Bob_Zimmerman · ‎2026-01-15

@the_rock wrote:

... built basic policy after setting up mdps, with ONLY 2 interfaces active (mgmt and sync).

This sounds like a problem. Management and sync are both typically on the mplane namespace, so your dplane namespace has no interfaces to do CCP heartbeats. The dplane namespace isn't getting CCP from the peer, so I would expect it to want to be down.

the_rock · ‎2026-01-15

Hey Bob,

Im not at all familiar with MDPS myself, but to me, logically anyway, seems that Sync would be on dplane, since thats how we did IP change from clish, since web UI is not available once we install policy.

This is what TAC gave us to configure initially.

set mdps interface Sync sync on

set mdps interface Mgmt management on

set mdps mgmt plane on

set mdps resource cpus 4

set mdps mgmt resource on

Best,
Andy

Bob_Zimmerman · ‎2026-01-15

On all of my clusters with working MDPS, the management and sync interfaces are owned by the mplane namespace (like VSID 0). The dplane namespace (functionally VSID 1) has all the other interfaces.

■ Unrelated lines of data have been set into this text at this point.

lemma integral_col_inner_sq:
  assumes kl: "k \<in> {1..N}" "l \<in> {1..N}" "k \<noteq> l"
  shows "(\<integral>\<omega>. col_inner k l \<omega> ^ 2 \<partial>M) = real n + real n / (real n - 1)"
proof -
  let ?E = "\<lambda>i j k. \<integral>\<omega>. Z i k \<omega> * Z j k \<omega> \<partial>M"
  have factor: "(\<integral>\<omega>. Z i k \<omega> * Z j k \<omega> * (Z i l \<omega> * Z j l \<omega>) \<partial>M) = ?E i j k * ?E i j l"
    and int: "integrable M (\<lambda>\<omega>. Z i k \<omega> * Z j k \<omega> * (Z i l \<omega> * Z j l \<omega>))"
    if "i \<in> {1..n}" "j \<in> {1..n}" for i j
  proof -
    let ?f = "\<lambda>x. standardize n i x * standardize n j x"
    have f_meas: "?f \<in> borel_measurable (PiM {1..n} (\<lambda>_. borel))"
      using that by (intro borel_measurable_times standardize_measurable)
    have f_bound: "\<bar>?f x\<bar> \<le> real n" for x using abs_standardize_mult_le[OF that] .
    show "(\<integral>\<omega>. Z i k \<omega> * Z j k \<omega> * (Z i l \<omega> * Z j l \<omega>) \<partial>M) = ?E i j k * ?E i j l"
      unfolding Z_def by (rule integral_mult_distinct_columns[OF kl f_meas f_bound f_meas f_bound])
    have "\<bar>Z i k \<omega> * Z j k \<omega> * (Z i l \<omega> * Z j l \<omega>)\<bar> \<le> real n * real n" for \<omega>
      unfolding abs_mult[of "Z i k \<omega> * Z j k \<omega>"] using that
      by (intro mult_mono abs_Z_mult_le) auto
    then show "integrable M (\<lambda>\<omega>. Z i k \<omega> * Z j k \<omega> * (Z i l \<omega> * Z j l \<omega>))"
      using Z_measurable kl that by (intro integrable_const_bound[where B="real n * real n"]) auto
  qed
  have "col_inner k l \<omega> ^ 2 = (\<Sum>i=1..n. \<Sum>j=1..n. Z i k \<omega> * Z j k \<omega> * (Z i l \<omega> * Z j l \<omega>))" for \<omega>
    unfolding col_inner_def power2_eq_square sum_product by (intro sum.cong refl) (simp add: algebra_simps)
  then have "(\<integral>\<omega>. col_inner k l \<omega> ^ 2 \<partial>M)
      = (\<integral>\<omega>. (\<Sum>i=1..n. \<Sum>j=1..n. Z i k \<omega> * Z j k \<omega> * (Z i l \<omega> * Z j l \<omega>)) \<partial>M)"
    by simp
  also have "\<dots> = (\<Sum>i=1..n. \<Sum>j=1..n. \<integral>\<omega>. Z i k \<omega> * Z j k \<omega> * (Z i l \<omega> * Z j l \<omega>) \<partial>M)"
    by (rule integral_double_sum(1)) (rule int)
  also have "\<dots> = (\<Sum>i=1..n. \<Sum>j=1..n. ?E i j k * ?E i j l)"
    by (intro sum.cong refl factor) auto
  also have "\<dots> = (\<Sum>p\<in>offdiag_pairs n. ?E (fst p) (snd p) k * ?E (fst p) (snd p) l)
      + (\<Sum>i=1..n. ?E i i k * ?E i i l)"
    unfolding sum_offdiag_pairs_eq_diff[of "\<lambda>i j. ?E i j k * ?E i j l"] by simp
  also have "\<dots> = (\<Sum>p\<in>offdiag_pairs n. rho^2) + (\<Sum>i=1..n. 1)"
    using integral_Z_mult[OF kl(1)] integral_Z_mult[OF kl(2)] integral_Z_sq kl
    by (intro arg_cong2[where f="(+)"] sum.cong) (auto simp: mem_offdiag_pairs power2_eq_square)
  finally show ?thesis using card_offdiag_pairs_mult_rho_sq by simp
qed

lemma integral_col_sq_inner:
  assumes kl: "k \<in> {1..N}" "l \<in> {1..N}" "k \<noteq> l"
  shows "(\<integral>\<omega>. col_sq_inner k l \<omega> \<partial>M) = real n"
proof -
  have moment: "(\<integral>\<omega>. Z i k \<omega> ^ 2 * Z i l \<omega> ^ 2 \<partial>M) = 1"
    and int: "integrable M (\<lambda>\<omega>. Z i k \<omega> ^ 2 * Z i l \<omega> ^ 2)" if i: "i \<in> {1..n}" for i
  proof -
    have f_meas: "(\<lambda>x. standardize n i x ^ 2) \<in> borel_measurable (PiM {1..n} (\<lambda>_. borel))"
      using i by (intro borel_measurable_power standardize_measurable)
    have f_bound: "\<bar>standardize n i x ^ 2\<bar> \<le> real n" for x using standardize_sq_le[OF i] by simp
    have "(\<integral>\<omega>. Z i k \<omega> ^ 2 * Z i l \<omega> ^ 2 \<partial>M) = (\<integral>\<omega>. Z i k \<omega> ^ 2 \<partial>M) * (\<integral>\<omega>. Z i l \<omega> ^ 2 \<partial>M)"
      unfolding Z_def by (rule integral_mult_distinct_columns[OF kl f_meas f_bound f_meas f_bound])
    then show "(\<integral>\<omega>. Z i k \<omega> ^ 2 * Z i l \<omega> ^ 2 \<partial>M) = 1" using integral_Z_sq kl i by simp
    have "\<bar>Z i k \<omega> ^ 2 * Z i l \<omega> ^ 2\<bar> \<le> real n * real n" for \<omega>
      using abs_Z_mult_le[OF i i, of k \<omega> k \<omega>] abs_Z_mult_le[OF i i, of l \<omega> l \<omega>]
      by (simp add: power2_eq_square abs_mult mult_mono)
    then show "integrable M (\<lambda>\<omega>. Z i k \<omega> ^ 2 * Z i l \<omega> ^ 2)"
      using Z_measurable kl i by (intro integrable_const_bound[where B="real n * real n"]) auto
  qed
  have "(\<integral>\<omega>. col_sq_inner k l \<omega> \<partial>M) = (\<Sum>i=1..n. \<integral>\<omega>. Z i k \<omega> ^ 2 * Z i l \<omega> ^ 2 \<partial>M)"
    unfolding col_sq_inner_def by (rule Bochner_Integration.integral_sum) (use int in auto)
  then show ?thesis using moment by simp
qed

lemma col_inner_sq_le: "col_inner k l \<omega> ^ 2 \<le> real n * real n"
proof -
  have "col_inner k l \<omega> ^ 2 \<le> (\<Sum>i=1..n. Z i k \<omega> ^ 2) * (\<Sum>i=1..n. Z i l \<omega> ^ 2)"
    unfolding col_inner_def by (rule Cauchy_Schwarz_ineq_sum)
  also have "\<dots> \<le> real n * real n" using sum_Z_sq_le by (intro mult_mono) (auto intro: sum_nonneg)
  finally show ?thesis .
qed

lemma col_sq_inner_nonneg: "0 \<le> col_sq_inner k l \<omega>"
  unfolding col_sq_inner_def by (intro sum_nonneg) auto

lemma col_sq_inner_le: "col_sq_inner k l \<omega> \<le> real n * real n"
proof -
  have "col_sq_inner k l \<omega> \<le> (\<Sum>i=1..n. Z i k \<omega> ^ 2) * (\<Sum>i=1..n. Z i l \<omega> ^ 2)"
    unfolding col_sq_inner_def by (rule sum_mult_le_sum_mult_sum) auto
  also have "\<dots> \<le> real n * real n" using sum_Z_sq_le by (intro mult_mono) (auto intro: sum_nonneg)
  finally show ?thesis .
qed

lemma overlap_measurable: "k \<in> {1..N} \<Longrightarrow> l \<in> {1..N} \<Longrightarrow> overlap k l \<in> borel_measurable M"
  unfolding overlap_def[abs_def] using centered_prod_measurable by (intro borel_measurable_sum) auto

lemma abs_overlap_le: "\<bar>overlap k l \<omega>\<bar> \<le> real (card (offdiag_pairs n)) * (real n + 1)^2"
  unfolding overlap_def power2_eq_square centered_prod_def
  by (rule order.trans[OF sum_abs sum_bounded_above])
     (auto simp: abs_mult intro: mult_mono abs_centered_prod_fun_le)

lemma integrable_overlap_mult:
  "k \<in> {1..N} \<Longrightarrow> l \<in> {1..N} \<Longrightarrow> k' \<in> {1..N} \<Longrightarrow> l' \<in> {1..N} \<Longrightarrow>
   integrable M (\<lambda>\<omega>. overlap k l \<omega> * overlap k' l' \<omega>)"
proof (rule integrable_const_bound[where B="(real (card (offdiag_pairs n)) * (real n + 1)^2)^2"])
  assume "k \<in> {1..N}" "l \<in> {1..N}" "k' \<in> {1..N}" "l' \<in> {1..N}"
  then show "(\<lambda>\<omega>. overlap k l \<omega> * overlap k' l' \<omega>) \<in> borel_measurable M"
    using overlap_measurable by auto
  show "AE \<omega> in M. norm (overlap k l \<omega> * overlap k' l' \<omega>)
      \<le> (real (card (offdiag_pairs n)) * (real n + 1)^2)^2"
    unfolding real_norm_def abs_mult power2_eq_square[of "_ * _"]
    by (intro AE_I2 mult_mono abs_overlap_le) auto
qed

lemma overlap_sq_le:
  assumes "(\<Sum>i=1..n. Z i k \<omega> ^ 2) = real n" "(\<Sum>i=1..n. Z i l \<omega> ^ 2) = real n"
  shows "overlap k l \<omega> ^ 2
    \<le> 3 * real n ^ 2 * col_inner k l \<omega> ^ 2 + 3 * real n ^ 2 * col_sq_inner k l \<omega> + 3 * (real n / (real n - 1))^2"
proof -
  let ?c = "col_inner k l \<omega> ^ 2" and ?d = "col_sq_inner k l \<omega>"
  have "overlap k l \<omega> ^ 2 \<le> 3 * ?c^2 + 3 * ?d^2 + 3 * (real n / (real n - 1))^2"
    unfolding overlap_eq[OF assms] by (rule square_diff3_le)
  also have "?c^2 \<le> real n ^ 2 * ?c"
    unfolding power2_eq_square[of ?c] using col_inner_sq_le
    by (intro mult_right_mono) (auto simp: power2_eq_square)
  also have "?d^2 \<le> real n ^ 2 * ?d"
    unfolding power2_eq_square[of ?d] using col_sq_inner_le col_sq_inner_nonneg
    by (intro mult_right_mono) (auto simp: power2_eq_square)
  finally show ?thesis by (simp add: algebra_simps)
qed

lemma integrable_col_inner_sq: "k \<in> {1..N} \<Longrightarrow> l \<in> {1..N} \<Longrightarrow> integrable M (\<lambda>\<omega>. col_inner k l \<omega> ^ 2)"
  unfolding col_inner_def using Z_measurable col_inner_sq_le[unfolded col_inner_def]
  by (intro integrable_const_bound[where B="real n * real n"]) auto

lemma integrable_col_sq_inner: "k \<in> {1..N} \<Longrightarrow> l \<in> {1..N} \<Longrightarrow> integrable M (col_sq_inner k l)"
  unfolding col_sq_inner_def[abs_def]
  using Z_measurable col_sq_inner_le[unfolded col_sq_inner_def] col_sq_inner_nonneg[unfolded col_sq_inner_def]
  by (intro integrable_const_bound[where B="real n * real n"]) auto

lemma integral_overlap_sq_le:
  assumes kl: "k \<in> {1..N}" "l \<in> {1..N}" "k \<noteq> l"
  shows "(\<integral>\<omega>. overlap k l \<omega> ^ 2 \<partial>M) \<le> 12 * real n ^ 3"
proof -
  define q where "q = real n / (real n - 1)"
  let ?B = "\<lambda>\<omega>. 3 * real n ^ 2 * col_inner k l \<omega> ^ 2 + 3 * real n ^ 2 * col_sq_inner k l \<omega> + 3 * q^2"
  have n: "2 \<le> real n" using two_le_n by simp
  have q: "0 \<le> q" "q \<le> 2" using n unfolding q_def by (auto simp: field_simps)
  have "AE \<omega> in M. overlap k l \<omega> ^ 2 \<le> ?B \<omega>"
    using AE_sum_Z_sq[OF kl(1)] AE_sum_Z_sq[OF kl(2)]
    by eventually_elim (unfold q_def, rule overlap_sq_le)
  then have "(\<integral>\<omega>. overlap k l \<omega> ^ 2 \<partial>M) \<le> (\<integral>\<omega>. ?B \<omega> \<partial>M)"
    using integrable_overlap_mult[OF kl(1,2,1,2)] integrable_col_inner_sq[OF kl(1,2)]
      integrable_col_sq_inner[OF kl(1,2)]
    by (intro integral_mono_AE) (auto simp: power2_eq_square)
  also have "(\<integral>\<omega>. ?B \<omega> \<partial>M) = 3 * real n ^ 2 * (real n + q) + 3 * real n ^ 2 * real n + 3 * q^2"
    using integrable_col_inner_sq[OF kl(1,2)] integrable_col_sq_inner[OF kl(1,2)]
      integral_col_inner_sq[OF kl, folded q_def] integral_col_sq_inner[OF kl]
    by (simp add: prob_space)
  also have "\<dots> = 6 * real n ^ 3 + 3 * (q * real n ^ 2) + 3 * q^2"
    by (simp add: algebra_simps power2_eq_square power3_eq_cube)
  also have "\<dots> \<le> 12 * real n ^ 3"
  proof -
    have "q * real n ^ 2 \<le> 2 * real n ^ 2" using q by (intro mult_right_mono) auto
    moreover have "2 * real n ^ 2 \<le> real n ^ 3"
      using n by (simp add: power2_eq_square power3_eq_cube mult_right_mono)
    moreover have "q^2 \<le> 4" using q power_mono[of q 2 2] by simp
    moreover have "8 \<le> real n ^ 3" using power_mono[OF n, of 3] by simp
    ultimately show ?thesis by linarith
  qed
  finally show ?thesis .
qed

The separation is whether the interface is for traffic the member should send/receive for itself, versus traffic the cluster should carry for other endpoints. The member sends/receives sync traffic for itself, so that goes in mplane.

the_rock · ‎2026-01-15

In the meantime, with the config I sent, is there any way to make this work or you dont think so?

Best,
Andy

Bob_Zimmerman · ‎2026-01-15

I don't think there's a way to get it to go Active/Standby like this, but with no data interfaces, the cluster state seems irrelevant. Could be considered a cosmetic issue for now.

the_rock · ‎2026-01-15

Forgive me for my ignorance, as I dont know much about how mdps works, but itns technically Sync dplane in this case? I say that since ONLY way to change IP was to make sure we were in dplane, rather than mplane.

Best,
Andy

the_rock · ‎2026-01-15

Thats where Im not clear, because to me, seems Sync would be on dplane...

Best,
Andy

Vincent_Bacher · ‎2026-01-15

Just researched the web and what you stated seems to be valid.

and now to something completely different - CCVS, CCAS, CCTE, CCCS, CCSM elite

the_rock · ‎2026-01-15

Seems like it, yes. But, here is my question...can we somehow make this work in the meantime with below config?

set mdps interface Sync sync on

set mdps interface Mgmt management on

set mdps mgmt plane on

set mdps resource cpus 4

set mdps mgmt resource on

Best,
Andy

Vincent_Bacher · ‎2026-01-15

I wonder if there might be a way to temporarily config an interface to have one active interface in the Dplane, even by configuring a temporary isolated VLAN on the attached switches?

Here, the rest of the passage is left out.